● **Instructions for the task**
For the entries below, the result should be an exact transcription of the lines from the one with "case base thus ?case by simp" up to and including the one with "define s where", and only those.
= = = =
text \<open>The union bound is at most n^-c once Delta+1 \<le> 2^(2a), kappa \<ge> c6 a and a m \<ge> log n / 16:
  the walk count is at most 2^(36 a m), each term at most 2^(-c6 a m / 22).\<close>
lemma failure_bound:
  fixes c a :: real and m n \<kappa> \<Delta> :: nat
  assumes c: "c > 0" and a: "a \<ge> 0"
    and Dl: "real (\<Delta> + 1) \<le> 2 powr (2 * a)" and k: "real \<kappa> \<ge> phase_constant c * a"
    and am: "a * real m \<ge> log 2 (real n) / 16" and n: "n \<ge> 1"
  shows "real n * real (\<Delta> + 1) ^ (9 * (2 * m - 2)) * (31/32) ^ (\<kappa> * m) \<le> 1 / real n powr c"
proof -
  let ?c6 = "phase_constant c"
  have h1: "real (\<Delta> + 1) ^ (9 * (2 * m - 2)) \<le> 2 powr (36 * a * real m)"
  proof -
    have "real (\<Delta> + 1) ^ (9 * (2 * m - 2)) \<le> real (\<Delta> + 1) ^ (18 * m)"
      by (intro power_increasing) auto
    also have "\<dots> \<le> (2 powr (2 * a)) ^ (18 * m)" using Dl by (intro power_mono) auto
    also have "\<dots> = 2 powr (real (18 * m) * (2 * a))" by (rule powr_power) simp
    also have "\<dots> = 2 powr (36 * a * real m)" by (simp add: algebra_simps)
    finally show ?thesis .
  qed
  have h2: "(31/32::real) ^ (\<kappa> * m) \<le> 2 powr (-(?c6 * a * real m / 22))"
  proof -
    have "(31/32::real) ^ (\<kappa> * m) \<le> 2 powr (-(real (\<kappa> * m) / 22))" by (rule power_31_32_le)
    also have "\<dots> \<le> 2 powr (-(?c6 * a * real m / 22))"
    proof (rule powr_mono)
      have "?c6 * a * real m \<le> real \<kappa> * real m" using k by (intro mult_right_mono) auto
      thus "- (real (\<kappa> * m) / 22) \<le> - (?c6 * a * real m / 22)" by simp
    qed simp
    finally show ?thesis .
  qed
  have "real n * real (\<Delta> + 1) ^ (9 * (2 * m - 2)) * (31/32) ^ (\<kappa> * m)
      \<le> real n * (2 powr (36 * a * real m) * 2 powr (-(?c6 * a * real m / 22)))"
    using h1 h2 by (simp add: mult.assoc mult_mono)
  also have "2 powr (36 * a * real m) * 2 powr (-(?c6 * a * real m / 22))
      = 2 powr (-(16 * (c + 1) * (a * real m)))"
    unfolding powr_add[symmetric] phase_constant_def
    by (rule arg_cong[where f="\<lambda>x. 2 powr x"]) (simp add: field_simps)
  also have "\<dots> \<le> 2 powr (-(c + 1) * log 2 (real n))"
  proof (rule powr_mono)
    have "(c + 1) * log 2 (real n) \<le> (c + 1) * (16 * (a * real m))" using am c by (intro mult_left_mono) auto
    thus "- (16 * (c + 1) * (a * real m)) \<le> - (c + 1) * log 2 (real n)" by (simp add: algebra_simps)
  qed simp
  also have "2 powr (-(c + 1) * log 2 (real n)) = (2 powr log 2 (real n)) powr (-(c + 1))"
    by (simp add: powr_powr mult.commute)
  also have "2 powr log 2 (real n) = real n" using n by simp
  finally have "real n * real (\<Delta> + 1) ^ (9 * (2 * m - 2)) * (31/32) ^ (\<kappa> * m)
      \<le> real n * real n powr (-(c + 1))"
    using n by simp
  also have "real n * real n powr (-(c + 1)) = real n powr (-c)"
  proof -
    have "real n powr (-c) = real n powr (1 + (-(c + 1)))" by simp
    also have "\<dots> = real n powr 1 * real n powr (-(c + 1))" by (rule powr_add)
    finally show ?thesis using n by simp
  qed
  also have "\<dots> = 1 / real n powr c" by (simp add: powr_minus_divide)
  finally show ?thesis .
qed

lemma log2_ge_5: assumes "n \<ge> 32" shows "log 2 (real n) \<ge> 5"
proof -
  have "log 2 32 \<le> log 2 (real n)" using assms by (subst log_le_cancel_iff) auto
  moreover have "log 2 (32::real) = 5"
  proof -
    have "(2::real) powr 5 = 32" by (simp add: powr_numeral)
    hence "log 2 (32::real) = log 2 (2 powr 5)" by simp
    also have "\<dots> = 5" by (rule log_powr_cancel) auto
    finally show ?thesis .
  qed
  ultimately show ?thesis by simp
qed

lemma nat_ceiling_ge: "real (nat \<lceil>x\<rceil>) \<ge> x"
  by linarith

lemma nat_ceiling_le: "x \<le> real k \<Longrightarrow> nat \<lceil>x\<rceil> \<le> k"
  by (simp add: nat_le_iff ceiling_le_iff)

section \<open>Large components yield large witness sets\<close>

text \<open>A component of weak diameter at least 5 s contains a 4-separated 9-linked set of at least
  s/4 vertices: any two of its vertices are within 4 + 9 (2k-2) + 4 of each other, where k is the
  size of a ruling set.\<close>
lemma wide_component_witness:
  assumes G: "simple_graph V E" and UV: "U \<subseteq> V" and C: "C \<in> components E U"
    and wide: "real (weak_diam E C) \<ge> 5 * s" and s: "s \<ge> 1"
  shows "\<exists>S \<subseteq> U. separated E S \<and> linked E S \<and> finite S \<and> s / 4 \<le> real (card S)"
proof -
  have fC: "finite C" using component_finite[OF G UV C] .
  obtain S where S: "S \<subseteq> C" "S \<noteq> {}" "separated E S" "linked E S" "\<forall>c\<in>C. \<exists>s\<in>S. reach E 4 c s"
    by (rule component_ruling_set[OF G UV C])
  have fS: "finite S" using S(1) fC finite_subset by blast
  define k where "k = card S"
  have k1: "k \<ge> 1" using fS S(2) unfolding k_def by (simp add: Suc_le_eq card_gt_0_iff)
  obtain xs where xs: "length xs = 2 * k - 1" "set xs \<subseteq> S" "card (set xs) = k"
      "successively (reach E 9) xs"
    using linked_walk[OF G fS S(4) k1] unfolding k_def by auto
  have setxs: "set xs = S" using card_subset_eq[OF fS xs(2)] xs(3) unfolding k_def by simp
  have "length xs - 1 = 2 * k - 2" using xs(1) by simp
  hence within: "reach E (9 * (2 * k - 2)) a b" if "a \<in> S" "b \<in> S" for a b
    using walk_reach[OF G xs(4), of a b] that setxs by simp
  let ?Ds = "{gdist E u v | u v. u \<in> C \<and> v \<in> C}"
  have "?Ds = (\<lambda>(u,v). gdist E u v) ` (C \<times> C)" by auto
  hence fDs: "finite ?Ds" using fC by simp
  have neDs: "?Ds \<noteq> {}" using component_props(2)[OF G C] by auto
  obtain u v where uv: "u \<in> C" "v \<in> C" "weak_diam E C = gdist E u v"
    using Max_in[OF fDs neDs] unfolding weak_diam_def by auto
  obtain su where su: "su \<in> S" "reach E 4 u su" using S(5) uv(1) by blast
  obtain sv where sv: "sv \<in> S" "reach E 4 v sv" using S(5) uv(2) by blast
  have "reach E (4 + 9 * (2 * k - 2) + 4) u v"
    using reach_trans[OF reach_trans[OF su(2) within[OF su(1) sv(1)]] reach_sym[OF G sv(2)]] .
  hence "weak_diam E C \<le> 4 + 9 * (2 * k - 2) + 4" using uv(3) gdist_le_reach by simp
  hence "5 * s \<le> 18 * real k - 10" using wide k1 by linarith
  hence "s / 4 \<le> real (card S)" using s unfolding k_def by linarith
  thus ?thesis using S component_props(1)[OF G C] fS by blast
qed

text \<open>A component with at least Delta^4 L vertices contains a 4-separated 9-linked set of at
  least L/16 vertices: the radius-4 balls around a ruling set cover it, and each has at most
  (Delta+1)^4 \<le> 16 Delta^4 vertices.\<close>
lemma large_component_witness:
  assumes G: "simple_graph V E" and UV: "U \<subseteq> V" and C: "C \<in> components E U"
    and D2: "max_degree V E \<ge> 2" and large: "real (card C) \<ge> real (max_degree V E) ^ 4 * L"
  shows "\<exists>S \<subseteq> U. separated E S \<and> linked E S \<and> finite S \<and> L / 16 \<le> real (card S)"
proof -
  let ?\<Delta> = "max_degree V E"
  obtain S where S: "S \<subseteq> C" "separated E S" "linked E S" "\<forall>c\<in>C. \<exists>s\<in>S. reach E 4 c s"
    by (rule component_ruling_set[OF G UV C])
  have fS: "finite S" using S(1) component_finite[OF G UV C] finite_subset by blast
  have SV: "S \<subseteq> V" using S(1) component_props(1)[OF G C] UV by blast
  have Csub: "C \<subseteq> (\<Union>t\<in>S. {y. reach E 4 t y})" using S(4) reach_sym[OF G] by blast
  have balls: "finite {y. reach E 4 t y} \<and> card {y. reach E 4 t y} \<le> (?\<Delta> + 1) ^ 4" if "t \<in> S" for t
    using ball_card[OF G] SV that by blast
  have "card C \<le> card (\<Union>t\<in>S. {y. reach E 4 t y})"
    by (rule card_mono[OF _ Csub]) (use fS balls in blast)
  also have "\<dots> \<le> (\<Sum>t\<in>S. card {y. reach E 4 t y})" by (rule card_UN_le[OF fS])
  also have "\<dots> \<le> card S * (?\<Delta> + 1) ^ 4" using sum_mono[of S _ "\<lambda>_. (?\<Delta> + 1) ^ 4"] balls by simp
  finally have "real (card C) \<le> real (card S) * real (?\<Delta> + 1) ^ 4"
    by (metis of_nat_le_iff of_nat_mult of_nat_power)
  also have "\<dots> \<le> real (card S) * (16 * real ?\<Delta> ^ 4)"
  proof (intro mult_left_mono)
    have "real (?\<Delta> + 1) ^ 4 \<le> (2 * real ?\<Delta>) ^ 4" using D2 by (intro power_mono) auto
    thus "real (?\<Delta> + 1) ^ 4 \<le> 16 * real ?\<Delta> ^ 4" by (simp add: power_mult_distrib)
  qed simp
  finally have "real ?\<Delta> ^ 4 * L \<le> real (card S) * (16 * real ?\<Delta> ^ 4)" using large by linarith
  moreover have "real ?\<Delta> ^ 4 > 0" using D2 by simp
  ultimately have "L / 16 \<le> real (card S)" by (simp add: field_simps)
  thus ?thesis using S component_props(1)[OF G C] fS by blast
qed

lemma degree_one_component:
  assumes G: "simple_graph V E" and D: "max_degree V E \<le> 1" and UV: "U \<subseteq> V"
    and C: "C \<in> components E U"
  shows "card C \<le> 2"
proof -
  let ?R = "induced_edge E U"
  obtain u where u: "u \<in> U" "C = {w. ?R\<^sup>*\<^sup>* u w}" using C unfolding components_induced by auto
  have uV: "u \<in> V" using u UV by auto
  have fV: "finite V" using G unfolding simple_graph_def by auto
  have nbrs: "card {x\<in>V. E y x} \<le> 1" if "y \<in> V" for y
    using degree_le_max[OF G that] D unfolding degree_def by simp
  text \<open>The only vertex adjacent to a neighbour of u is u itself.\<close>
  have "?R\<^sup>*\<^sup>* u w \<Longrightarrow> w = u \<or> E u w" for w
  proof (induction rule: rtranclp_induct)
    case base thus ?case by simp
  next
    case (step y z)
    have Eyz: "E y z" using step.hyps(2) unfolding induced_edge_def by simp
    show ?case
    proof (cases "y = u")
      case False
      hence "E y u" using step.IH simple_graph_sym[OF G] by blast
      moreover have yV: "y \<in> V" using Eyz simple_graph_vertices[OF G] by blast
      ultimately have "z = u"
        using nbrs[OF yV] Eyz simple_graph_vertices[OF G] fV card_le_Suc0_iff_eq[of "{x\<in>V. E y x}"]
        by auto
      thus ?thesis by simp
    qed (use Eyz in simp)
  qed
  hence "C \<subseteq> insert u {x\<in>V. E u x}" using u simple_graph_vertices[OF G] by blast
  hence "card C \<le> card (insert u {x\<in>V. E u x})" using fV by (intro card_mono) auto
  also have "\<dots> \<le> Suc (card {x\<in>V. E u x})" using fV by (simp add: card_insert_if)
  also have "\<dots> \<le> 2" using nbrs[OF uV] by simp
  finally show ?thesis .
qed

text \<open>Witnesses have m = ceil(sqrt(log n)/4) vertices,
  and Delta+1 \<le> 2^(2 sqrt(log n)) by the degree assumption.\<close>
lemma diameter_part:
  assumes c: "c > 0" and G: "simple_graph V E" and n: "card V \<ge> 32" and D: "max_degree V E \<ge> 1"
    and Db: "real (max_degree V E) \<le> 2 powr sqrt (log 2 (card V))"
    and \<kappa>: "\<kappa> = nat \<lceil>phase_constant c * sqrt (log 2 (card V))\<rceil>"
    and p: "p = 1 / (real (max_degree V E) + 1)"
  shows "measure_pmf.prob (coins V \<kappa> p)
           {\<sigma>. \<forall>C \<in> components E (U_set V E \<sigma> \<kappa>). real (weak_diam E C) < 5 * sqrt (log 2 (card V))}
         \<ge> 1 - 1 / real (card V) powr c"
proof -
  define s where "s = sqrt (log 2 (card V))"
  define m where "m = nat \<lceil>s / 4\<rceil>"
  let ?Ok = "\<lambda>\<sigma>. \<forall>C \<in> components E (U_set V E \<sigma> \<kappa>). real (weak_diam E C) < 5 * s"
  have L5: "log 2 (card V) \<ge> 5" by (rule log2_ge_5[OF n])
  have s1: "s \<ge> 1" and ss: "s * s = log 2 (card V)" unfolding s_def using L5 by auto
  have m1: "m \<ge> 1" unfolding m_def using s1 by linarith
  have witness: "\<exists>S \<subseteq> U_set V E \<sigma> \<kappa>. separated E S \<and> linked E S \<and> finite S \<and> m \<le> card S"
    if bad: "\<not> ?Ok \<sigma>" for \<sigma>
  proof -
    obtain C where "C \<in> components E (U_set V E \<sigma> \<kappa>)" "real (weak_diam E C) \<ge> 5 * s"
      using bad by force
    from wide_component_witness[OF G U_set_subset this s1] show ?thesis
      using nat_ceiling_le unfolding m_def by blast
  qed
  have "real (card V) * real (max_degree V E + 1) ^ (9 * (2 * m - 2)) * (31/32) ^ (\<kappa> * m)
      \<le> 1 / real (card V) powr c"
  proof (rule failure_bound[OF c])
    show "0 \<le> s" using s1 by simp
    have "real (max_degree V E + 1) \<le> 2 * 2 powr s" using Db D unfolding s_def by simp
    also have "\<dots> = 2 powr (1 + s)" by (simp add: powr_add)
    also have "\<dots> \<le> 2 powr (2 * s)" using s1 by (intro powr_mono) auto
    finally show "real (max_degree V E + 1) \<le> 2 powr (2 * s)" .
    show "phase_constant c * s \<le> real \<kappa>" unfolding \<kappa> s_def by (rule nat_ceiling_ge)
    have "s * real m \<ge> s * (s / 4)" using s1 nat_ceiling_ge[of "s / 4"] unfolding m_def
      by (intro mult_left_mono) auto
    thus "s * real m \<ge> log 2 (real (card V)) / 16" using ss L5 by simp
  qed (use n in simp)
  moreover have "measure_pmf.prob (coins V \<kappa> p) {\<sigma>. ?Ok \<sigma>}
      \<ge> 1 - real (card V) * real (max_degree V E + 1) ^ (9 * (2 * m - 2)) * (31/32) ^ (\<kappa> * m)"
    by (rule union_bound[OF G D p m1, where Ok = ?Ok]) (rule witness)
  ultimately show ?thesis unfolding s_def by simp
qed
= = = =
● **Solution to this task**
    case base thus ?case by simp
  next
    case (step y z)
    have Eyz: "E y z" using step.hyps(2) unfolding induced_edge_def by simp
    show ?case
    proof (cases "y = u")
      case False
      hence "E y u" using step.IH simple_graph_sym[OF G] by blast
      moreover have yV: "y \<in> V" using Eyz simple_graph_vertices[OF G] by blast
      ultimately have "z = u"
        using nbrs[OF yV] Eyz simple_graph_vertices[OF G] fV card_le_Suc0_iff_eq[of "{x\<in>V. E y x}"]
        by auto
      thus ?thesis by simp
    qed (use Eyz in simp)
  qed
  hence "C \<subseteq> insert u {x\<in>V. E u x}" using u simple_graph_vertices[OF G] by blast
  hence "card C \<le> card (insert u {x\<in>V. E u x})" using fV by (intro card_mono) auto
  also have "\<dots> \<le> Suc (card {x\<in>V. E u x})" using fV by (simp add: card_insert_if)
  also have "\<dots> \<le> 2" using nbrs[OF uV] by simp
  finally show ?thesis .
qed

text \<open>Witnesses have m = ceil(sqrt(log n)/4) vertices,
  and Delta+1 \<le> 2^(2 sqrt(log n)) by the degree assumption.\<close>
lemma diameter_part:
  assumes c: "c > 0" and G: "simple_graph V E" and n: "card V \<ge> 32" and D: "max_degree V E \<ge> 1"
    and Db: "real (max_degree V E) \<le> 2 powr sqrt (log 2 (card V))"
    and \<kappa>: "\<kappa> = nat \<lceil>phase_constant c * sqrt (log 2 (card V))\<rceil>"
    and p: "p = 1 / (real (max_degree V E) + 1)"
  shows "measure_pmf.prob (coins V \<kappa> p)
           {\<sigma>. \<forall>C \<in> components E (U_set V E \<sigma> \<kappa>). real (weak_diam E C) < 5 * sqrt (log 2 (card V))}
         \<ge> 1 - 1 / real (card V) powr c"
proof -
  define s where "s = sqrt (log 2 (card V))"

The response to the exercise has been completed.